Collection entries:
BEGIN

lemma is_mst_mst: "generic P \<Longrightarrow> S \<subseteq> P \<Longrightarrow> is_mst S (mst S)"
  unfolding generic_def mst_def by (metis theI')

lemma mst_eqI: "generic P \<Longrightarrow> S \<subseteq> P \<Longrightarrow> is_mst S T \<Longrightarrow> mst S = T"
  unfolding generic_def mst_def by (metis the1_equality)

lemma mst_edge_subset:
  assumes "generic P" "S \<subseteq> P" "e \<in> mst S"
  shows "e \<subseteq> S"
proof -
  have "mst S \<subseteq> all_edges S" using is_mst_mst[OF assms(1,2)] by (simp add: is_mst_def spanning_tree_def)
  then show ?thesis using assms(3) unfolding all_edges_def by blast
qed

lemma finite_mst:
  assumes "generic P" "S \<subseteq> P"
  shows "finite (mst S)"
proof (rule finite_subset)
  show "mst S \<subseteq> Pow S" using mst_edge_subset[OF assms] by blast
  show "finite (Pow S)" using assms finite_subset unfolding generic_def by auto
qed

lemma mst_doubleton:
  assumes "generic P" "{u, v} \<subseteq> P" "u \<noteq> v"
  shows "mst {u, v} = {{u, v}}"
proof (rule mst_eqI[OF assms(1,2)])
  have edges: "all_edges {u, v} = {{u, v}}"
    using assms(3) unfolding all_edges_def by (auto simp: doubleton_eq_iff)
  have "spanning_tree {u, v} T \<longleftrightarrow> T = {{u, v}}" for T
  proof
    assume "spanning_tree {u, v} T"
    then have "T \<subseteq> {{u, v}}" "card T = 1" using assms(3) edges by (auto simp: spanning_tree_def)
    then show "T = {{u, v}}" by (metis subset_singletonD zero_neq_one card.empty)
  next
    assume "T = {{u, v}}"
    then show "spanning_tree {u, v} T" using assms(3) edges
      unfolding spanning_tree_def graph_connected_def by (auto simp: insert_commute intro: r_into_rtrancl)
  qed
  then show "is_mst {u, v} {{u, v}}" unfolding is_mst_def by simp
qed

lemma mst_three_points:
  assumes "generic P" "{u, v, p} \<subseteq> P" "u \<noteq> v" "u \<noteq> p" "v \<noteq> p"
    and "dist u p \<le> dist u v" "dist v p \<le> dist u v"
  shows "mst {u, v, p} = {{v, p}, {p, u}}"
proof (rule mst_eqI[OF assms(1,2)])
  have edges: "all_edges {u, v, p} = {{u, v}, {v, p}, {p, u}}"
    using assms(3-5) unfolding all_edges_def by (auto simp: insert_commute)
  have distinct: "{u, v} \<noteq> {v, p}" "{u, v} \<noteq> {p, u}" "{v, p} \<noteq> {p, u}"
    using assms(3-5) by (auto simp: doubleton_eq_iff)
  let ?E = "{(x, y). {x, y} \<in> {{v, p}, {p, u}}}"
  have "(v, p) \<in> ?E" "(p, v) \<in> ?E" "(p, u) \<in> ?E" "(u, p) \<in> ?E" by (auto simp: insert_commute)
  then have "graph_connected {u, v, p} {{v, p}, {p, u}}"
    unfolding graph_connected_def by (auto intro: r_into_rtrancl rtrancl_trans)
  then have tree: "spanning_tree {u, v, p} {{v, p}, {p, u}}"
    using distinct assms(3-5) edges unfolding spanning_tree_def by auto
  have min: "tree_weight {{v, p}, {p, u}} \<le> tree_weight T" if "spanning_tree {u, v, p} T" for T
  proof -
    have "T \<subseteq> {{u, v}, {v, p}, {p, u}}" "card T = 2"
      using that edges assms(3-5) unfolding spanning_tree_def by auto
    then obtain e1 e2 where T: "T = {e1, e2}" "e1 \<noteq> e2"
      "e1 \<in> {{u, v}, {v, p}, {p, u}}" "e2 \<in> {{u, v}, {v, p}, {p, u}}"
      by (auto simp: card_2_iff)
    have "tree_weight T = edge_len e1 + edge_len e2"
      unfolding tree_weight_def T(1) using T(2) by simp
    moreover have "tree_weight {{v, p}, {p, u}} = dist v p + dist u p"
      unfolding tree_weight_def using distinct(3) by (simp add: edge_len_doubleton dist_commute)
    moreover have "edge_len {u, v} = dist u v" "edge_len {v, p} = dist v p" "edge_len {p, u} = dist u p"
      by (simp_all add: edge_len_doubleton dist_commute)
    ultimately show ?thesis using T(2-4) assms(6,7) by auto
  qed
  show "is_mst {u, v, p} {{v, p}, {p, u}}"
    unfolding is_mst_def by (intro conjI allI impI tree min)
qed

lemma connected_graph_cut_edge:
  assumes "graph_connected X T" "x \<in> X" "y \<in> X" "Q x" "\<not> Q y"
  shows "\<exists>s t. {s, t} \<in> T \<and> Q s \<and> \<not> Q t"
proof -
  have "(x, y) \<in> {(a, b). {a, b} \<in> T}\<^sup>*" using assms(1-3) unfolding graph_connected_def by blast
  then show ?thesis using assms(4,5) by (induction rule: rtrancl_induct) auto
qed

lemma cr_max_pos_if_mst_crossing:
  assumes g: "generic P" and R: "R \<subseteq> P" and "{x, y} \<in> mst R" "{s, t} \<in> mst (P - R)"
    and "closed_segment x y \<inter> closed_segment s t \<noteq> {}"
  shows "1 \<le> cr_max P"
proof -
  let ?C = "{(e, f). e \<in> mst R \<and> f \<in> mst (P - R) \<and> convex hull e \<inter> convex hull f \<noteq> {}}"
  have "finite ?C"
    using finite_mst[OF g R] finite_mst[OF g, of "P - R"]
    by (auto intro: finite_subset[of _ "mst R \<times> mst (P - R)"])
  moreover have "({x, y}, {s, t}) \<in> ?C" using assms(3-5) by (simp add: segment_convex_hull)
  ultimately have "0 < card ?C" by (subst card_gt_0_iff) blast
  then have "1 \<le> cr R (P - R)" unfolding cr_def by simp
  also have "cr R (P - R) \<le> cr_max P"
  proof -
    let ?crs = "{cr R' B | R' B. R' \<union> B = P \<and> R' \<inter> B = {}}"
    have "?crs \<subseteq> (\<lambda>R'. cr R' (P - R')) ` Pow P"
    proof
      fix n assume "n \<in> ?crs"
      then obtain R' B where "n = cr R' B" "R' \<union> B = P" "R' \<inter> B = {}" by blast
      then have "B = P - R'" "R' \<in> Pow P" by auto
      then show "n \<in> (\<lambda>R'. cr R' (P - R')) ` Pow P" using \<open>n = cr R' B\<close> by blast
    qed
    moreover have "finite P" using g by (simp add: generic_def)
    ultimately have "finite ?crs" by (meson finite_Pow_iff finite_imageI finite_subset)
    moreover have "cr R (P - R) \<in> ?crs" using R by blast
    ultimately show ?thesis unfolding cr_max_def by (rule Max_ge)
  qed
  finally show ?thesis .
qed

lemma cr_max_pos_if_mst_separates:
  assumes g: "generic P" and R: "R \<subseteq> P" and "p \<in> P - R" "q \<in> P - R" "Q p" "\<not> Q q"
    and crossing: "\<And>s t. s \<in> P - R \<Longrightarrow> t \<in> P - R \<Longrightarrow> Q s \<Longrightarrow> \<not> Q t \<Longrightarrow>
      \<exists>x y. {x, y} \<in> mst R \<and> closed_segment x y \<inter> closed_segment s t \<noteq> {}"
  shows "1 \<le> cr_max P"
proof -
  have "graph_connected (P - R) (mst (P - R))"
    using is_mst_mst[OF g, of "P - R"] unfolding is_mst_def spanning_tree_def by blast
  then obtain s t where st: "{s, t} \<in> mst (P - R)" "Q s" "\<not> Q t"
    using connected_graph_cut_edge[of "P - R" _ p q Q] assms(3-6) by blast
  moreover have "s \<in> P - R" "t \<in> P - R" using mst_edge_subset[OF g _ st(1)] by auto
  ultimately obtain x y where "{x, y} \<in> mst R" "closed_segment x y \<inter> closed_segment s t \<noteq> {}"
    using crossing by blast
  then show ?thesis using cr_max_pos_if_mst_crossing[OF g R] st(1) by blast
qed

lemma cr_max_pos_if_edge_separates:
  assumes g: "generic P" and "u \<in> P" "v \<in> P" "u \<noteq> v"
    and "p \<in> P - {u, v}" "q \<in> P - {u, v}" "0 < orient u v p" "orient u v q \<le> 0"
    and "convex K" "P - {u, v} \<subseteq> K"
    and on_line: "\<And>z. z \<in> K \<Longrightarrow> orient u v z = 0 \<Longrightarrow> z \<in> closed_segment u v"
  shows "1 \<le> cr_max P"
proof -
  have crossing: "\<exists>x y. {x, y} \<in> mst {u, v} \<and> closed_segment x y \<inter> closed_segment s t \<noteq> {}"
    if st: "s \<in> P - {u, v}" "t \<in> P - {u, v}" "0 < orient u v s" "\<not> 0 < orient u v t" for s t
  proof -
    obtain z where z: "z \<in> closed_segment s t" "orient u v z = 0"
      using affine_fun_zero_in_segment[OF affine_fun_orient, of u v s t] st(3,4) by auto
    have "closed_segment s t \<subseteq> K" using closed_segment_subset assms(9,10) st(1,2) by blast
    then have "z \<in> closed_segment u v" using z on_line by blast
    then show ?thesis using z(1) mst_doubleton[OF g _ \<open>u \<noteq> v\<close>] assms(2,3) by blast
  qed
  show ?thesis
    by (rule cr_max_pos_if_mst_separates[OF g _ assms(5,6) _ _ crossing]) (use assms in auto)
qed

END

WORK TO COMPLETE
Set down exactly the lines of the data above, beginning with the line that has "using is_mst_mst[OF g, of" and ending with the line that has "st(1)] by auto", and no others.

RESPONSE TO THE EXERCISE
    using is_mst_mst[OF g, of "P - R"] unfolding is_mst_def spanning_tree_def by blast
  then obtain s t where st: "{s, t} \<in> mst (P - R)" "Q s" "\<not> Q t"
    using connected_graph_cut_edge[of "P - R" _ p q Q] assms(3-6) by blast
  moreover have "s \<in> P - R" "t \<in> P - R" using mst_edge_subset[OF g _ st(1)] by auto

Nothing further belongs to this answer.